There is no human power that can be compared with the power of the devil, and
therefore the divine power alone can overcome him, and the divine light alone
can penetrate his devices. No soul therefore can overcome his might without
prayer, or detect his illusions without humility and mortification. Hence the
exhortation of St. Paul to the faithful: ‘Put you on the armour of God, that
you may stand against the deceits of the devil: for our wrestling is not
against flesh and blood.’[67] Blood here is the world,
and the armour of God is prayer and the cross of Christ, wherein consist the
humility and mortification of which I have spoken.
13.
The soul says also that it will cross the frontiers: these are the natural
resistance and rebellion of the flesh against the spirit, for, as St. Paul
saith, the ‘flesh lusteth against the spirit,’[68] and sets itself as a
frontier against the soul on its spiritual road. This frontier the soul must
cross, surmounting difficulties, and trampling underfoot all sensual appetites
and all natural affections with great courage and resolution of spirit: for
while they remain in the soul, the spirit will be by them hindered from
advancing to the true life and spiritual delight. This is set clearly before us
by St. Paul, saying: ‘If by the spirit you mortify the deeds of the flesh, you
shall live.’[69] This, then, is the process
which the soul in this stanza says it becomes it to observe on the way to seek
the Beloved: which briefly is a firm resolution not to stoop to gather flowers
by the way; courage not to fear the wild beasts, and strength to pass by the
mighty and the frontiers; intent solely on going over the mountains and the
strands of the virtues, in the way just explained.
STANZA IV
O
groves and thickets
Planted
by the hand of the Beloved;
O
verdant meads
Enamelled
with flowers,
Tell
me, has He passed by you?
THE
disposition requisite for entering on the spiritual journey, abstinence from
joys and pleasure, being now described; and the courage also with which to
overcome temptations and trials, wherein consists the practice of
self-knowledge, which is the first step of the soul to the knowledge of God.

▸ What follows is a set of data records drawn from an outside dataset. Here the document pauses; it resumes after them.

locale red_blue_split = split_graph +
  fixes \<sigma> :: "nat \<Rightarrow> 'a" and n s h :: nat and e :: "nat \<Rightarrow> nat"
  assumes labelling: "bij_betw \<sigma> {1..n} X" and n_ge_3: "n \<ge> 3"
    and s_cases: "s = n \<or> s = n + 1" and h_eq: "h = s div 2"
    and e_eq: "\<And>p. e p = card (nbhd E (\<sigma> p) \<inter> Y)"
    and e_antimono_low: "\<And>p q. 1 \<le> p \<Longrightarrow> p \<le> q \<Longrightarrow> q \<le> h \<Longrightarrow> e q \<le> e p"
    and e_mono_high: "\<And>p q. h < p \<Longrightarrow> p \<le> q \<Longrightarrow> q \<le> n \<Longrightarrow> e p \<le> e q"
    and odd_boundary: "odd s \<Longrightarrow> e h \<ge> 1 \<and> \<not> (e (h + 1) = 1 \<and> Y_dominated (\<sigma> ` {h + 1..n}))"
    and even_boundary: "even s \<Longrightarrow> e (h + 1) \<ge> 1 \<and> \<not> (e h = 1 \<and> Y_dominated (\<sigma> ` {1..h}))"
begin

definition label :: "'a \<Rightarrow> nat" where
  "label = the_inv_into {1..n} \<sigma>"

lemma sigma_in: "p \<in> {1..n} \<Longrightarrow> \<sigma> p \<in> X"
  using labelling bij_betwE by blast

lemma label_in: "x \<in> X \<Longrightarrow> label x \<in> {1..n}"
  unfolding label_def using labelling by (metis bij_betw_def the_inv_into_into order_refl)

lemma label_sigma: "p \<in> {1..n} \<Longrightarrow> label (\<sigma> p) = p"
  unfolding label_def using labelling by (simp add: bij_betw_def the_inv_into_f_f)

lemma sigma_label: "x \<in> X \<Longrightarrow> \<sigma> (label x) = x"
  unfolding label_def using labelling by (simp add: bij_betw_def f_the_inv_into_f)

lemma sigma_image_Collect: "\<sigma> ` {q \<in> {1..n}. P q} = {x \<in> X. P (label x)}"
proof (intro equalityI subsetI)
  show "x \<in> {x \<in> X. P (label x)}" if "x \<in> \<sigma> ` {q \<in> {1..n}. P q}" for x
    using that sigma_in label_sigma by auto
  show "x \<in> \<sigma> ` {q \<in> {1..n}. P q}" if "x \<in> {x \<in> X. P (label x)}" for x
    using that label_in sigma_label by (auto intro!: rev_image_eqI[of "label x"])
qed

lemma card_sigma_image: "A \<subseteq> {1..n} \<Longrightarrow> card (\<sigma> ` A) = card A"
  using labelling by (meson bij_betw_def card_image inj_on_subset)

lemma h_bounds: "1 \<le> h" "h < n" "s = 2 * h \<or> s = 2 * h + 1"
  using h_eq s_cases n_ge_3 by auto

definition red :: "'a \<Rightarrow> 'a \<Rightarrow> bool" where
  "red a b \<longleftrightarrow> (a \<in> X \<and> b \<in> X \<and> label a + label b \<le> s)
     \<or> (a \<in> X \<and> b \<in> Y \<and> label a \<le> h) \<or> (a \<in> Y \<and> b \<in> X \<and> label b \<le> h)"

definition red_edges :: "'a set set" where
  "red_edges = {f \<in> E. \<exists>a b. f = {a, b} \<and> red a b}"

abbreviation blue_edges :: "'a set set" where
  "blue_edges \<equiv> E - red_edges"

lemma red_edge_iff: "{a, b} \<in> red_edges \<longleftrightarrow> {a, b} \<in> E \<and> red a b"
  unfolding red_edges_def red_def by (auto simp: doubleton_eq_iff)

lemma nbhd_red: "nbhd red_edges x = {u \<in> nbhd E x. red x u}"
  and nbhd_blue: "nbhd blue_edges x = {u \<in> nbhd E x. \<not> red x u}"
  unfolding nbhd_def adj_def using red_edge_iff by auto

lemma deg_red: "deg red_edges x = card (nbhd red_edges x)"
  and deg_blue: "deg blue_edges x = card (nbhd blue_edges x)"
  using deg_eq_card_nbhd[OF graph] red_edges_def by blast+

lemma nbhd_red_clique_vertex:
  assumes p: "p \<in> {1..n}"
  shows "nbhd red_edges (\<sigma> p) =
    \<sigma> ` {q \<in> {1..n}. q \<noteq> p \<and> p + q \<le> s} \<union> (if p \<le> h then nbhd E (\<sigma> p) \<inter> Y else {})"
proof -
  have "{u \<in> X - {\<sigma> p}. red (\<sigma> p) u} = \<sigma> ` {q \<in> {1..n}. q \<noteq> p \<and> p + q \<le> s}"
    unfolding sigma_image_Collect red_def using p Y_eq sigma_in label_sigma sigma_label by auto
  moreover have "{u \<in> nbhd E (\<sigma> p) \<inter> Y. red (\<sigma> p) u} = (if p \<le> h then nbhd E (\<sigma> p) \<inter> Y else {})"
    using Y_eq p sigma_in label_sigma unfolding red_def by auto
  moreover have "nbhd red_edges (\<sigma> p) =
      {u \<in> X - {\<sigma> p}. red (\<sigma> p) u} \<union> {u \<in> nbhd E (\<sigma> p) \<inter> Y. red (\<sigma> p) u}"
    using nbhd_clique_vertex[OF sigma_in[OF p]] unfolding nbhd_red by blast
  ultimately show ?thesis by simp
qed

lemma card_nbhd_clique_vertex:
  assumes p: "p \<in> {1..n}"
  shows "card (nbhd E (\<sigma> p)) + 1 = n + e p"
proof -
  have "finite (X - {\<sigma> p})" "finite (nbhd E (\<sigma> p) \<inter> Y)"
    "(X - {\<sigma> p}) \<inter> (nbhd E (\<sigma> p) \<inter> Y) = {}"
    using finite_X finite_nbhd Y_eq by auto
  then have "card (nbhd E (\<sigma> p)) = card (X - {\<sigma> p}) + card (nbhd E (\<sigma> p) \<inter> Y)"
    using nbhd_clique_vertex[OF sigma_in[OF p]] by (metis card_Un_disjoint)
  moreover have "card X = n" using labelling bij_betw_same_card by fastforce
  ultimately show ?thesis using e_eq sigma_in[OF p] finite_X n_ge_3 by simp
qed

lemma deg_red_clique_vertex:
  assumes p: "p \<in> {1..n}"
  shows "deg red_edges (\<sigma> p) + p + (if p \<le> h then 1 else 0) = s + (if p \<le> h then e p else 0)"
proof -
  let ?Q = "{q \<in> {1..n}. q \<noteq> p \<and> p + q \<le> s}"
  let ?W = "if p \<le> h then nbhd E (\<sigma> p) \<inter> Y else {}"
  have "\<sigma> ` ?Q \<inter> ?W = {}" using sigma_in Y_eq by auto
  moreover have "card (\<sigma> ` ?Q) = card ?Q" by (rule card_sigma_image) auto
  ultimately have "card (nbhd red_edges (\<sigma> p)) = card ?Q + card ?W"
    unfolding nbhd_red_clique_vertex[OF p] using finite_nbhd by (simp add: card_Un_disjoint)
  moreover have "card ?Q + p + (if 2 * p \<le> s then 1 else 0) = s"
    using card_partner_labels[of p n s] p s_cases by auto
  ultimately show ?thesis using deg_red e_eq h_eq by (auto split: if_splits)
qed

lemma deg_blue_clique_vertex:
  assumes p: "p \<in> {1..n}"
  shows "deg blue_edges (\<sigma> p) + s + (if h < p then 1 else 0) = n + p + (if h < p then e p else 0)"
proof -
  have "nbhd red_edges (\<sigma> p) \<subseteq> nbhd E (\<sigma> p)"
    and "nbhd blue_edges (\<sigma> p) = nbhd E (\<sigma> p) - nbhd red_edges (\<sigma> p)"
    unfolding nbhd_red nbhd_blue by auto
  then have "card (nbhd blue_edges (\<sigma> p)) + card (nbhd red_edges (\<sigma> p)) = card (nbhd E (\<sigma> p))"
    using finite_nbhd by (metis card_Diff_subset finite_subset card_mono le_add_diff_inverse2)
  then show ?thesis using deg_red deg_blue deg_red_clique_vertex[OF p] card_nbhd_clique_vertex[OF p]
    by (auto split: if_splits)
qed

lemma nbhd_Y_vertex: "y \<in> Y \<Longrightarrow> nbhd E y \<subseteq> X"
  using edge_cases Y_eq unfolding nbhd_def adj_def by blast

lemma nbhd_red_Y_vertex:
  assumes y: "y \<in> Y"
  shows "nbhd red_edges y \<subseteq> \<sigma> ` {1..h}"
proof
  fix u assume "u \<in> nbhd red_edges y"
  then have "u \<in> X" "label u \<le> h"
    using nbhd_Y_vertex[OF y] y Y_eq unfolding nbhd_red red_def by auto
  then show "u \<in> \<sigma> ` {1..h}" using label_in sigma_label by (auto intro!: rev_image_eqI[of "label u"])
qed

lemma nbhd_blue_Y_vertex:
  assumes y: "y \<in> Y"
  shows "nbhd blue_edges y \<subseteq> \<sigma> ` {h + 1..n}"
proof
  fix u assume "u \<in> nbhd blue_edges y"
  then have "u \<in> X" "h < label u"
    using nbhd_Y_vertex[OF y] y Y_eq unfolding nbhd_blue red_def by auto
  then show "u \<in> \<sigma> ` {h + 1..n}" using label_in sigma_label by (auto intro!: rev_image_eqI[of "label u"])
qed

lemma deg_red_clique_decreasing:
  assumes "1 \<le> p" "p < q" "q \<le> n" "p + q \<le> s"
  shows "deg red_edges (\<sigma> q) < deg red_edges (\<sigma> p)"
proof -
  have "p \<le> h" using assms h_bounds(3) by linarith
  then have dp: "deg red_edges (\<sigma> p) + p + 1 = s + e p"
    using deg_red_clique_vertex[of p] assms by simp
  show ?thesis
  proof (cases "q \<le> h")
    case True
    then have "deg red_edges (\<sigma> q) + q + 1 = s + e q"
      using deg_red_clique_vertex[of q] assms by simp
    then show ?thesis using dp e_antimono_low[of p q] True assms by linarith
  next
    case False
    then have dq: "deg red_edges (\<sigma> q) + q = s"
      using deg_red_clique_vertex[of q] assms by simp
    have "1 \<le> e p" if "q = p + 1"
    proof -
      have "p = h" "odd s" using that False \<open>p \<le> h\<close> assms h_bounds(3) by auto
      then show ?thesis using odd_boundary by simp
    qed
    then show ?thesis using dp dq assms by linarith
  qed
qed

lemma deg_blue_clique_increasing:
  assumes "1 \<le> p" "p < q" "q \<le> n" "s < p + q"
  shows "deg blue_edges (\<sigma> p) < deg blue_edges (\<sigma> q)"
proof -
  have "h < q" using assms h_bounds(3) by linarith
  then have dq: "deg blue_edges (\<sigma> q) + s + 1 = n + q + e q"
    using deg_blue_clique_vertex[of q] assms by simp
  show ?thesis
  proof (cases "h < p")
    case True
    then have "deg blue_edges (\<sigma> p) + s + 1 = n + p + e p"
      using deg_blue_clique_vertex[of p] assms by simp
    then show ?thesis using dq e_mono_high[of p q] True assms by linarith
  next
    case False
    then have dp: "deg blue_edges (\<sigma> p) + s = n + p"
      using deg_blue_clique_vertex[of p] assms by simp
    have "1 \<le> e q" if "q = p + 1"
    proof -
      have "q = h + 1" "even s" using that False \<open>h < q\<close> assms h_bounds(3) by auto
      then show ?thesis using even_boundary by simp
    qed
    then show ?thesis using dp dq assms by linarith
  qed
qed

Now, in this stanza the soul begins to advance through consideration and
knowledge of creatures to the knowledge of the Beloved their Creator. For the
consideration of the creature, after the practice of self-knowledge, is the
first in order on the spiritual road to the knowledge of God, Whose grandeur
and magnificence they declare, as the Apostle saith: ‘For His invisible things
from the creation of the world are seen, being understood by these things that
are made.’[70] It is as if he said, ‘The
invisible things of God are made known to the soul by created things, visible
and invisible.’
2.
The soul, then, in this stanza addresses itself to creatures inquiring after
the Beloved. And we observe, as St. Augustine[71] says, that the inquiry made
of creatures is a meditation on the Creator, for which they furnish the matter.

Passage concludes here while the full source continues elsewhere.